## About this exercise
What you give back must match the data character for character.

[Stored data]
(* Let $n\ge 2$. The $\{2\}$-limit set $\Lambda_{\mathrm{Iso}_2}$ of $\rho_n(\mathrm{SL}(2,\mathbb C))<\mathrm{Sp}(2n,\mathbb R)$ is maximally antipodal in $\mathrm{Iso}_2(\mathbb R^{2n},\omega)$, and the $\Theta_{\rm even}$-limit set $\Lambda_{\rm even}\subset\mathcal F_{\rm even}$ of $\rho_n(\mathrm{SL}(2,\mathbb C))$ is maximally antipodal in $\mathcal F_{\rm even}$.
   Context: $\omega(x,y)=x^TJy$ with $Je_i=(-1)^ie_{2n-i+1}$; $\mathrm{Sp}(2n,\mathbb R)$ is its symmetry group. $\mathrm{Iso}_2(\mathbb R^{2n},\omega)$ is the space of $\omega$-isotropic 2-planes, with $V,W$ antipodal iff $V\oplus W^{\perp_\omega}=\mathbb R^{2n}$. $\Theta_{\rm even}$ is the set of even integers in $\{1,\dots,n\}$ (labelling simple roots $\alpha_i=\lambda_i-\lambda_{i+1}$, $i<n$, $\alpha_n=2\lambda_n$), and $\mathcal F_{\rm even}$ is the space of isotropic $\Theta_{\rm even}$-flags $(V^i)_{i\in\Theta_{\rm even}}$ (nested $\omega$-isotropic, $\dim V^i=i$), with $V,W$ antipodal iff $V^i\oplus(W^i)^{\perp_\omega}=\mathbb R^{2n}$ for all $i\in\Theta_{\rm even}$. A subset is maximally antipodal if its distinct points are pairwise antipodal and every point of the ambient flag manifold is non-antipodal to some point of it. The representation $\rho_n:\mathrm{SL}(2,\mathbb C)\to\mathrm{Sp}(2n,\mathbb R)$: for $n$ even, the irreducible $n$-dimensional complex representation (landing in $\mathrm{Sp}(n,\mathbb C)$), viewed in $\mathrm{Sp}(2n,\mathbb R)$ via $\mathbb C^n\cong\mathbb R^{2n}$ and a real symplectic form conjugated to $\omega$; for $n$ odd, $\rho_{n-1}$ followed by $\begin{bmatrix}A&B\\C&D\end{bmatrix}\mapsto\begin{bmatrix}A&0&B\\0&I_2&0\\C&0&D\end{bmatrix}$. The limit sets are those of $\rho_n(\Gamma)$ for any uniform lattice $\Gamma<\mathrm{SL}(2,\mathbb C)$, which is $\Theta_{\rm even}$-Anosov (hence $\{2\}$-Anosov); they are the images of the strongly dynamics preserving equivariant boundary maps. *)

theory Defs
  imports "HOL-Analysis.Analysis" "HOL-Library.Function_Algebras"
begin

## Answer for this exercise
(* Let $n\ge 2$. The $\{2\}$-limit set $\Lambda_{\mathrm{Iso}_2}$ of $\rho_n(\mathrm{SL}(2,\mathbb C))<\mathrm{Sp}(2n,\mathbb R)$ is maximally antipodal in $\mathrm{Iso}_2(\mathbb R^{2n},\omega)$, and the $\Theta_{\rm even}$-limit set $\Lambda_{\rm even}\subset\mathcal F_{\rm even}$ of $\rho_n(\mathrm{SL}(2,\mathbb C))$ is maximally antipodal in $\mathcal F_{\rm even}$.
   Context: $\omega(x,y)=x^TJy$ with $Je_i=(-1)^ie_{2n-i+1}$; $\mathrm{Sp}(2n,\mathbb R)$ is its symmetry group. $\mathrm{Iso}_2(\mathbb R^{2n},\omega)$ is the space of $\omega$-isotropic 2-planes, with $V,W$ antipodal iff $V\oplus W^{\perp_\omega}=\mathbb R^{2n}$. $\Theta_{\rm even}$ is the set of even integers in $\{1,\dots,n\}$ (labelling simple roots $\alpha_i=\lambda_i-\lambda_{i+1}$, $i<n$, $\alpha_n=2\lambda_n$), and $\mathcal F_{\rm even}$ is the space of isotropic $\Theta_{\rm even}$-flags $(V^i)_{i\in\Theta_{\rm even}}$ (nested $\omega$-isotropic, $\dim V^i=i$), with $V,W$ antipodal iff $V^i\oplus(W^i)^{\perp_\omega}=\mathbb R^{2n}$ for all $i\in\Theta_{\rm even}$. A subset is maximally antipodal if its distinct points are pairwise antipodal and every point of the ambient flag manifold is non-antipodal to some point of it. The representation $\rho_n:\mathrm{SL}(2,\mathbb C)\to\mathrm{Sp}(2n,\mathbb R)$: for $n$ even, the irreducible $n$-dimensional complex representation (landing in $\mathrm{Sp}(n,\mathbb C)$), viewed in $\mathrm{Sp}(2n,\mathbb R)$ via $\mathbb C^n\cong\mathbb R^{2n}$ and a real symplectic form conjugated to $\omega$; for $n$ odd, $\rho_{n-1}$ followed by $\begin{bmatrix}A&B\\C&D\end{bmatrix}\mapsto\begin{bmatrix}A&0&B\\0&I_2&0\\C&0&D\end{bmatrix}$. The limit sets are those of $\rho_n(\Gamma)$ for any uniform lattice $\Gamma<\mathrm{SL}(2,\mathbb C)$, which is $\Theta_{\rm even}$-Anosov (hence $\{2\}$-Anosov); they are the images of the strongly dynamics preserving equivariant boundary maps. *)

theory Defs
  imports "HOL-Analysis.Analysis" "HOL-Library.Function_Algebras"
begin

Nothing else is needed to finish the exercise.